The index persists in `~/.thoth/`, giving Claude and other MCP-compatible assistants memory across conversations.
## Features
- 🚀 **Instant Startup**: MCP server starts in <1 second with separated embedding service (v0.4.0)
- 🔍 **Semantic Search**: Find code using natural language queries with local embeddings
- 🧠 **Persistent Memory**: Code understanding persists between conversations
- 📝 **Development Memory**: Track all coding attempts and learn from failures
- 🔗 **Cross-Repository**: Navigate dependencies across multiple related repositories
- 📊 **Visualizations**: Generate architecture diagrams and dependency graphs
- ⚡ **Fast Indexing**: AST-based parsing with incremental updates
- 🎯 **Precise Navigation**: Jump to exact definitions, find all callers
- 🔧 **Local-First**: All processing happens locally, no cloud dependencies
## Installation
### Requirements
- Python 3.10-3.12 (Python 3.13 not yet supported due to some dependencies)
- For semantic search: ~500MB disk space for embedding model
### Quick Start
```bash
# Build and install Thoth
uv build
# Initialize (sets up database and starts embedding server)
uv run thoth-cli init
# Source environment variables
source ~/.thoth/env
# Index your first repository
uv run thoth-cli index myproject /path/to/repo
# Add to Claude Desktop
claude mcp add thoth -s user -- uvx --python 3.12 mcp-server-thoth
```
That's it! The `init` command automatically:
- Creates the database
- Starts the Text Embeddings Inference (TEI) server for high-quality semantic search
- Sets up environment variables
- Verifies the installation
### Architecture
Thoth uses a microservices architecture for optimal performance:
- **MCP Server**: Lightweight, starts in <1 second (was 30+ seconds)
- **TEI Server**: Handles embeddings (Qwen3-Embedding-0.6B model)

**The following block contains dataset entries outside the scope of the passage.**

definition mixture :: "nat \<Rightarrow> (nat \<Rightarrow> real) \<Rightarrow> 'a measure \<Rightarrow> (nat \<Rightarrow> 'a measure) \<Rightarrow> 'a measure" where
  "mixture M \<pi> X R =
     measure_of (space X) (sets X) (\<lambda>A. \<Sum>i\<in>{1..M}. ennreal (\<pi> i) * emeasure (R i) A)"

text \<open>Posterior P(Delta~ = i | Z~ = z) = pi_i dR_i / d(mixture) (z).\<close>
definition posterior :: "nat \<Rightarrow> (nat \<Rightarrow> real) \<Rightarrow> 'a measure \<Rightarrow> (nat \<Rightarrow> 'a measure) \<Rightarrow> nat \<Rightarrow> 'a \<Rightarrow> real" where
  "posterior M \<pi> X R i z = \<pi> i * enn2real (RN_deriv (mixture M \<pi> X R) (R i) z)"

text \<open>Since Delta~, Delta~' are conditionally independent given Z~ with
  the same conditional law, E[K(Delta~,Delta~')] = E[sum_ij K(i,j) p_i(Z~) p_j(Z~)];
  E[K(Delta~_1,Delta~_2)] = sum_ij pi_i pi_j K(i,j); E[K(Delta~,Delta~)] = sum_i pi_i K(i,i).\<close>
definition kmd :: "nat \<Rightarrow> (nat \<Rightarrow> nat \<Rightarrow> real) \<Rightarrow> (nat \<Rightarrow> real) \<Rightarrow> 'a measure \<Rightarrow> (nat \<Rightarrow> 'a measure) \<Rightarrow> real" where
  "kmd M K \<pi> X R =
     (let cross = (\<Sum>i\<in>{1..M}. \<Sum>j\<in>{1..M}. \<pi> i * \<pi> j * K i j);
          same = (\<integral>z. (\<Sum>i\<in>{1..M}. \<Sum>j\<in>{1..M}.
                     K i j * posterior M \<pi> X R i z * posterior M \<pi> X R j z) \<partial>mixture M \<pi> X R);
          diag = (\<Sum>i\<in>{1..M}. \<pi> i * K i i)
      in (same - cross) / (diag - cross))"

definition joint_law :: "nat \<Rightarrow> (nat \<Rightarrow> real) \<Rightarrow> 'a measure \<Rightarrow> 'b measure \<Rightarrow> (nat \<Rightarrow> 'a measure)
    \<Rightarrow> ('a \<Rightarrow> 'b measure) \<Rightarrow> ('a \<times> 'b) measure" where
  "joint_law M \<pi> X Y P \<kappa> =
     mixture M \<pi> X P \<bind> (\<lambda>z. distr (\<kappa> z) (X \<Otimes>\<^sub>M Y) (\<lambda>z'. (z, z')))"

end

theory Submission
  imports Defs
begin

text \<open>Write \<open>p\<^sub>i(z)\<close> and \<open>q\<^sub>i(z')\<close> for the posteriors of the label \<open>\<Delta>\<close> given \<open>Z = z\<close> and given
  \<open>Z' = z'\<close>. Both KMDs have the same denominator, and their numerators differ only in the terms
  \<open>E \<langle>p(Z), p(Z)\<rangle>\<^sub>K\<close> and \<open>E \<langle>q(Z'), q(Z')\<rangle>\<^sub>K\<close>. Since \<open>\<Delta> \<rightarrow> Z \<rightarrow> Z'\<close> is a Markov chain, \<open>q(Z')\<close> is
  the conditional expectation of \<open>p(Z)\<close> given \<open>Z'\<close>, so \<open>E[p\<^sub>i(Z) q\<^sub>j(Z')] = E[q\<^sub>i(Z') q\<^sub>j(Z')]\<close>, and
  Pythagoras gives \<open>E \<langle>p(Z), p(Z)\<rangle>\<^sub>K = E \<langle>q(Z'), q(Z')\<rangle>\<^sub>K + E \<langle>p(Z) - q(Z'), p(Z) - q(Z')\<rangle>\<^sub>K\<close>.
  The last term is nonnegative, and it vanishes iff \<open>p(Z) = q(Z')\<close> almost surely, because
  \<open>p(Z) - q(Z')\<close> sums to zero and \<open>K\<close> is characteristic. A bimeasurable bijection can be applied
  in both directions, which turns the inequality into an equality.\<close>

section \<open>Kernel quadratic forms\<close>

definition kernel_inner :: "nat \<Rightarrow> (nat \<Rightarrow> nat \<Rightarrow> real) \<Rightarrow> (nat \<Rightarrow> real) \<Rightarrow> (nat \<Rightarrow> real) \<Rightarrow> real"
  where "kernel_inner M K u v = (\<Sum>i\<in>{1..M}. \<Sum>j\<in>{1..M}. K i j * u i * v j)"

lemma char_kernel_sym: "char_kernel M K \<Longrightarrow> i \<in> {1..M} \<Longrightarrow> j \<in> {1..M} \<Longrightarrow> K i j = K j i"
  unfolding char_kernel_def by blast

lemma kernel_inner_self_eq_sum:
  "kernel_inner M K v v = (\<Sum>i\<in>{1..M}. \<Sum>j\<in>{1..M}. v i * v j * K i j)"
  unfolding kernel_inner_def by (intro sum.cong refl) (simp add: ac_simps)

lemma kernel_inner_self_nonneg: "char_kernel M K \<Longrightarrow> 0 \<le> kernel_inner M K v v"
  unfolding char_kernel_def kernel_inner_self_eq_sum by blast

lemma kernel_inner_self_pos:
  "char_kernel M K \<Longrightarrow> (\<Sum>i\<in>{1..M}. v i) = 0 \<Longrightarrow> i \<in> {1..M} \<Longrightarrow> v i \<noteq> 0
    \<Longrightarrow> 0 < kernel_inner M K v v"
  unfolding char_kernel_def kernel_inner_self_eq_sum by blast

lemma kernel_inner_self_eq_0_imp_zero:
  assumes "char_kernel M K" "(\<Sum>i\<in>{1..M}. v i) = 0" "kernel_inner M K v v = 0" "i \<in> {1..M}"
  shows "v i = 0"
  using kernel_inner_self_pos[OF assms(1,2,4)] assms(3) by fastforce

- **ChromaDB Server**: Vector storage as a dedicated service
### Manual Setup (Advanced)
If you prefer to manage services manually:
```bash
# Initialize without starting services
uv run thoth-cli init --no-start-services
# Start TEI server manually
./scripts/run_tei_server.sh
# Set environment variables
export THOTH_EMBEDDING_SERVER_URL=http://localhost:8765
# Check status
uv run thoth-cli status
```
### First-Time Setup
Before using Thoth with Claude, run the initialization:
```bash
thoth-cli init
```
This will:
- ✅ Set up the database
- ✅ Create necessary directories
- ✅ Verify the installation
### Claude Desktop
Add to your configuration file:
- macOS: `~/Library/Application Support/Claude/claude_desktop_config.json`
- Windows: `%APPDATA%\Claude\claude_desktop_config.json`
- Linux: `~/.config/claude/claude_desktop_config.json`
#### Configuration:
```json
{
"mcpServers": {
"thoth": {
"command": "uvx",
"args": ["--python", "3.12", "mcp-server-thoth"]
}
}
}
```
To index repositories, either:
1. Use the CLI: `thoth-cli index myrepo /path/to/repo`
2. Use the `index_repository` tool from within Claude
### Command Line
```bash
# Install globally
uv tool install --python 3.12 mcp-server-thoth
# Initialize Thoth (first time only)
thoth-cli init
# Index a repository
thoth-cli index myproject /path/to/repo
# Search symbols
thoth-cli search "database connection"
# List indexed repositories
thoth-cli list
# Start MCP server
mcp-server-thoth
```
## Tools
### Core Tools
- `find_definition` - Locate symbol definitions
- `get_file_structure` - Extract functions, classes, imports from a file
- `search_symbols` - Search symbols by name pattern
- `get_callers` - Find callers of a function
- `get_repositories` - List indexed repositories
- `index_repository` - Index a new repository
### Semantic Search (v0.2.0+)
- `search_semantic` - Natural language code search using embeddings
- Example: "function that handles user authentication"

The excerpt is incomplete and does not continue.